[[ RECORD EXCERPTS, beginning ]]

theorem theorem1p4:
  fixes l n :: nat and k :: int and a b c a' b' c' :: real
  assumes "l \<ge> 1"
    and "a \<ge> 0" and "a' \<ge> 0" and "b \<ge> 0"
    and "- a' \<le> b'" and "b' \<le> 0"
    and "a + b + c \<ge> 0" and "a' + b' + c' \<ge> 0"
    and "n \<ge> 1"
  shows "(Tarr l a b c a' b' c' n k)^2 \<ge>
           Tarr l a b c a' b' c' n (k - 1) * Tarr l a b c a' b' c' n (k + 1)"
proof -
  \<comment> \<open>Shifting by \<open>-e\<close> with \<open>e < 0\<close> makes both
    sums positive, and \<open>LIM_less_bound\<close> passes to the limit \<open>e \<rightarrow> 0\<^sup>-\<close>.\<close>
  define D where "D e = (Tarr l a b (c - e) a' b' (c' - e) n k)\<^sup>2
    - Tarr l a b (c - e) a' b' (c' - e) n (k - 1) * Tarr l a b (c - e) a' b' (c' - e) n (k + 1)"
    for e
  have "0 \<le> D e" if "e \<in> {-1<..<0}" for e
  proof -
    have "Tarr l a b (c - e) a' b' (c' - e) n (k - 1) * Tarr l a b (c - e) a' b' (c' - e) n (k + 1)
        \<le> (Tarr l a b (c - e) a' b' (c' - e) n k)\<^sup>2"
      using assms that by (intro Tarr_log_concave_if_sums_pos) auto
    then show ?thesis by (simp add: D_def)
  qed
  moreover have "isCont D 0"
    unfolding D_def by (intro continuous_intros)
  ultimately have "0 \<le> D 0"
    using LIM_less_bound[of "-1" 0 D] by simp
  then show ?thesis by (simp add: D_def)
qed

end
(* Let $\phi:\mathbb{R}^{n\times n}\to\mathbb{R}$ be twice differentiable, $L$-gradient Lipschitz and $(\mu,2r)$-restricted strongly convex, let $M^\star=\arg\min\phi$ satisfy $M^\star\succeq0$ and $\operatorname{rank}(M^\star)\le r$, and let $f(X)=\phi(XX^T)$. Let $X\in\mathbb{R}^{n\times r}$ with $XX^T\ne M^\star$ have singular value decomposition $X=\sum_{i=1}^r\sigma_iu_iv_i^T$ with $\|u_i\|=\|v_i\|=1$ and $\sigma_1\ge\cdots\ge\sigma_r$, and let $\eta\ge0$ with $X^TX+\eta I$ positive definite. Then \[ \frac{\|\nabla f(X)\|_{X,\eta}^*}{\|XX^T-M^\star\|_F}\ge\max_{k\in\{1,\dots,r\}}\frac{\mu+L}{\sqrt2}\cdot\frac{\cos\theta_k-\delta}{\sqrt{1+\eta/\lambda_k(XX^T)}}, \] where $\delta=\frac{L-\mu}{L+\mu}$ and \[ \cos\theta_k=\max_{Y\in\mathbb{R}^{n\times r}}\frac{\langle XX^T-M^\star,X_kY^T+YX_k^T\rangle}{\|XX^T-M^\star\|_F\,\|X_kY^T+YX_k^T\|_F},\qquad X_k=\sum_{i=1}^k\sigma_iu_iv_i^T. \]
   Context: $\phi$ is $L$-gradient Lipschitz if $\|\nabla\phi(M+E)-\nabla\phi(M)\|_F\le L\|E\|_F$ for all $M,E$; $(\mu,k)$-restricted strongly convex if $\langle\nabla^2\phi(M)[E],E\rangle\ge\mu\|E\|_F^2$ for all $M,E\in\mathbb{R}^{n\times n}$ of rank at most $k$. Dual local norm $\|V\|_{X,\eta}^*=\|V(X^TX+\eta I)^{-1/2}\|_F$. Eigenvalues ordered decreasingly. *)

theory Defs
  imports "HOL-Analysis.Analysis" "HOL-Computational_Algebra.Polynomial"
begin

(* Gradient w.r.t. the Frobenius (= componentwise) inner product on matrices *)
definition grad :: "('a::real_inner \<Rightarrow> real) \<Rightarrow> 'a \<Rightarrow> 'a" where
  "grad f x = (THE g. (f has_derivative (\<lambda>h. g \<bullet> h)) (at x))"

definition twice_differentiable :: "('a::real_inner \<Rightarrow> real) \<Rightarrow> bool" where
  "twice_differentiable f \<longleftrightarrow>
     (\<forall>x. (f has_derivative (\<lambda>h. grad f x \<bullet> h)) (at x)) \<and>
     (\<forall>x. grad f differentiable (at x))"

definition hess :: "('a::real_inner \<Rightarrow> real) \<Rightarrow> 'a \<Rightarrow> 'a \<Rightarrow> 'a" where
  "hess f x = frechet_derivative (grad f) (at x)"

definition grad_lipschitz :: "real \<Rightarrow> (real^'n^'n \<Rightarrow> real) \<Rightarrow> bool" where
  "grad_lipschitz L \<phi> \<longleftrightarrow>
     (\<forall>M E. norm (grad \<phi> (M + E) - grad \<phi> M) \<le> L * norm E)"

definition restricted_strongly_convex :: "real \<Rightarrow> nat \<Rightarrow> (real^'n^'n \<Rightarrow> real) \<Rightarrow> bool" where
  "restricted_strongly_convex \<mu> k \<phi> \<longleftrightarrow>
     (\<forall>M E. rank M \<le> k \<and> rank E \<le> k \<longrightarrow> hess \<phi> M E \<bullet> E \<ge> \<mu> * (norm E)\<^sup>2)"

definition psd :: "real^'n^'n \<Rightarrow> bool" where
  "psd A \<longleftrightarrow> transpose A = A \<and> (\<forall>x. x \<bullet> (A *v x) \<ge> 0)"

definition pd :: "real^'n^'n \<Rightarrow> bool" where
  "pd A \<longleftrightarrow> transpose A = A \<and> (\<forall>x. x \<noteq> 0 \<longrightarrow> x \<bullet> (A *v x) > 0)"

definition inv_sqrt :: "real^'n^'n \<Rightarrow> real^'n^'n" where
  "inv_sqrt P = (THE S. psd S \<and> S ** S = matrix_inv P)"

definition dual_local_norm :: "real^'r^'n \<Rightarrow> real^'r^'n \<Rightarrow> real \<Rightarrow> real" where
  "dual_local_norm V X \<eta> = norm (V ** inv_sqrt (transpose X ** X + \<eta> *\<^sub>R mat 1))"

definition charpoly :: "real^'n^'n \<Rightarrow> real poly" where
  "charpoly A = det (\<chi> i j. (if i = j then [:0, 1:] else 0) - [:A $ i $ j:])"

(* k-th largest eigenvalue (k >= 1), counted with multiplicity *)
definition eigval :: "nat \<Rightarrow> real^'n^'n \<Rightarrow> real" where
  "eigval k A = rev (sorted_list_of_multiset (proots (charpoly A))) ! (k - 1)"

definition outer :: "real^'n \<Rightarrow> real^'m \<Rightarrow> real^'m^'n" where
  "outer u v = (\<chi> i j. u $ i * v $ j)"

end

[[ RECORD EXCERPTS, end ]]

** REQUIRED WORK **
The entries above are to be restated word for word.

** SOLUTION TO THE PROBLEM **
theorem theorem1p4:
  fixes l n :: nat and k :: int and a b c a' b' c' :: real
  assumes "l \<ge> 1"
    and "a \<ge> 0" and "a' \<ge> 0" and "b \<ge> 0"
    and "- a' \<le> b'" and "b' \<le> 0"
    and "a + b + c \<ge> 0" and "a' + b' + c' \<ge> 0"
    and "n \<ge> 1"
  shows "(Tarr l a b c a' b' c' n k)^2 \<ge>
           Tarr l a b c a' b' c' n (k - 1) * Tarr l a b c a' b' c' n (k + 1)"
proof -
  \<comment> \<open>Shifting by \<open>-e\<close> with \<open>e < 0\<close> makes both
    sums positive, and \<open>LIM_less_bound\<close> passes to the limit \<open>e \<rightarrow> 0\<^sup>-\<close>.\<close>
  define D where "D e = (Tarr l a b (c - e) a' b' (c' - e) n k)\<^sup>2
    - Tarr l a b (c - e) a' b' (c' - e) n (k - 1) * Tarr l a b (c - e) a' b' (c' - e) n (k + 1)"
    for e
  have "0 \<le> D e" if "e \<in> {-1<..<0}" for e
  proof -
    have "Tarr l a b (c - e) a' b' (c' - e) n (k - 1) * Tarr l a b (c - e) a' b' (c' - e) n (k + 1)
        \<le> (Tarr l a b (c - e) a' b' (c' - e) n k)\<^sup>2"
      using assms that by (intro Tarr_log_concave_if_sums_pos) auto
    then show ?thesis by (simp add: D_def)
  qed
  moreover have "isCont D 0"
    unfolding D_def by (intro continuous_intros)
  ultimately have "0 \<le> D 0"
    using LIM_less_bound[of "-1" 0 D] by simp
  then show ?thesis by (simp add: D_def)
qed

end
(* Let $\phi:\mathbb{R}^{n\times n}\to\mathbb{R}$ be twice differentiable, $L$-gradient Lipschitz and $(\mu,2r)$-restricted strongly convex, let $M^\star=\arg\min\phi$ satisfy $M^\star\succeq0$ and $\operatorname{rank}(M^\star)\le r$, and let $f(X)=\phi(XX^T)$. Let $X\in\mathbb{R}^{n\times r}$ with $XX^T\ne M^\star$ have singular value decomposition $X=\sum_{i=1}^r\sigma_iu_iv_i^T$ with $\|u_i\|=\|v_i\|=1$ and $\sigma_1\ge\cdots\ge\sigma_r$, and let $\eta\ge0$ with $X^TX+\eta I$ positive definite. Then \[ \frac{\|\nabla f(X)\|_{X,\eta}^*}{\|XX^T-M^\star\|_F}\ge\max_{k\in\{1,\dots,r\}}\frac{\mu+L}{\sqrt2}\cdot\frac{\cos\theta_k-\delta}{\sqrt{1+\eta/\lambda_k(XX^T)}}, \] where $\delta=\frac{L-\mu}{L+\mu}$ and \[ \cos\theta_k=\max_{Y\in\mathbb{R}^{n\times r}}\frac{\langle XX^T-M^\star,X_kY^T+YX_k^T\rangle}{\|XX^T-M^\star\|_F\,\|X_kY^T+YX_k^T\|_F},\qquad X_k=\sum_{i=1}^k\sigma_iu_iv_i^T. \]
   Context: $\phi$ is $L$-gradient Lipschitz if $\|\nabla\phi(M+E)-\nabla\phi(M)\|_F\le L\|E\|_F$ for all $M,E$; $(\mu,k)$-restricted strongly convex if $\langle\nabla^2\phi(M)[E],E\rangle\ge\mu\|E\|_F^2$ for all $M,E\in\mathbb{R}^{n\times n}$ of rank at most $k$. Dual local norm $\|V\|_{X,\eta}^*=\|V(X^TX+\eta I)^{-1/2}\|_F$. Eigenvalues ordered decreasingly. *)

theory Defs
  imports "HOL-Analysis.Analysis" "HOL-Computational_Algebra.Polynomial"
begin

(* Gradient w.r.t. the Frobenius (= componentwise) inner product on matrices *)
definition grad :: "('a::real_inner \<Rightarrow> real) \<Rightarrow> 'a \<Rightarrow> 'a" where
  "grad f x = (THE g. (f has_derivative (\<lambda>h. g \<bullet> h)) (at x))"

definition twice_differentiable :: "('a::real_inner \<Rightarrow> real) \<Rightarrow> bool" where
  "twice_differentiable f \<longleftrightarrow>
     (\<forall>x. (f has_derivative (\<lambda>h. grad f x \<bullet> h)) (at x)) \<and>
     (\<forall>x. grad f differentiable (at x))"

definition hess :: "('a::real_inner \<Rightarrow> real) \<Rightarrow> 'a \<Rightarrow> 'a \<Rightarrow> 'a" where
  "hess f x = frechet_derivative (grad f) (at x)"

definition grad_lipschitz :: "real \<Rightarrow> (real^'n^'n \<Rightarrow> real) \<Rightarrow> bool" where
  "grad_lipschitz L \<phi> \<longleftrightarrow>
     (\<forall>M E. norm (grad \<phi> (M + E) - grad \<phi> M) \<le> L * norm E)"

definition restricted_strongly_convex :: "real \<Rightarrow> nat \<Rightarrow> (real^'n^'n \<Rightarrow> real) \<Rightarrow> bool" where
  "restricted_strongly_convex \<mu> k \<phi> \<longleftrightarrow>
     (\<forall>M E. rank M \<le> k \<and> rank E \<le> k \<longrightarrow> hess \<phi> M E \<bullet> E \<ge> \<mu> * (norm E)\<^sup>2)"

definition psd :: "real^'n^'n \<Rightarrow> bool" where
  "psd A \<longleftrightarrow> transpose A = A \<and> (\<forall>x. x \<bullet> (A *v x) \<ge> 0)"

definition pd :: "real^'n^'n \<Rightarrow> bool" where
  "pd A \<longleftrightarrow> transpose A = A \<and> (\<forall>x. x \<noteq> 0 \<longrightarrow> x \<bullet> (A *v x) > 0)"

definition inv_sqrt :: "real^'n^'n \<Rightarrow> real^'n^'n" where
  "inv_sqrt P = (THE S. psd S \<and> S ** S = matrix_inv P)"

definition dual_local_norm :: "real^'r^'n \<Rightarrow> real^'r^'n \<Rightarrow> real \<Rightarrow> real" where
  "dual_local_norm V X \<eta> = norm (V ** inv_sqrt (transpose X ** X + \<eta> *\<^sub>R mat 1))"

definition charpoly :: "real^'n^'n \<Rightarrow> real poly" where
  "charpoly A = det (\<chi> i j. (if i = j then [:0, 1:] else 0) - [:A $ i $ j:])"

(* k-th largest eigenvalue (k >= 1), counted with multiplicity *)
definition eigval :: "nat \<Rightarrow> real^'n^'n \<Rightarrow> real" where
  "eigval k A = rev (sorted_list_of_multiset (proots (charpoly A))) ! (k - 1)"

definition outer :: "real^'n \<Rightarrow> real^'m \<Rightarrow> real^'m^'n" where
  "outer u v = (\<chi> i j. u $ i * v $ j)"

end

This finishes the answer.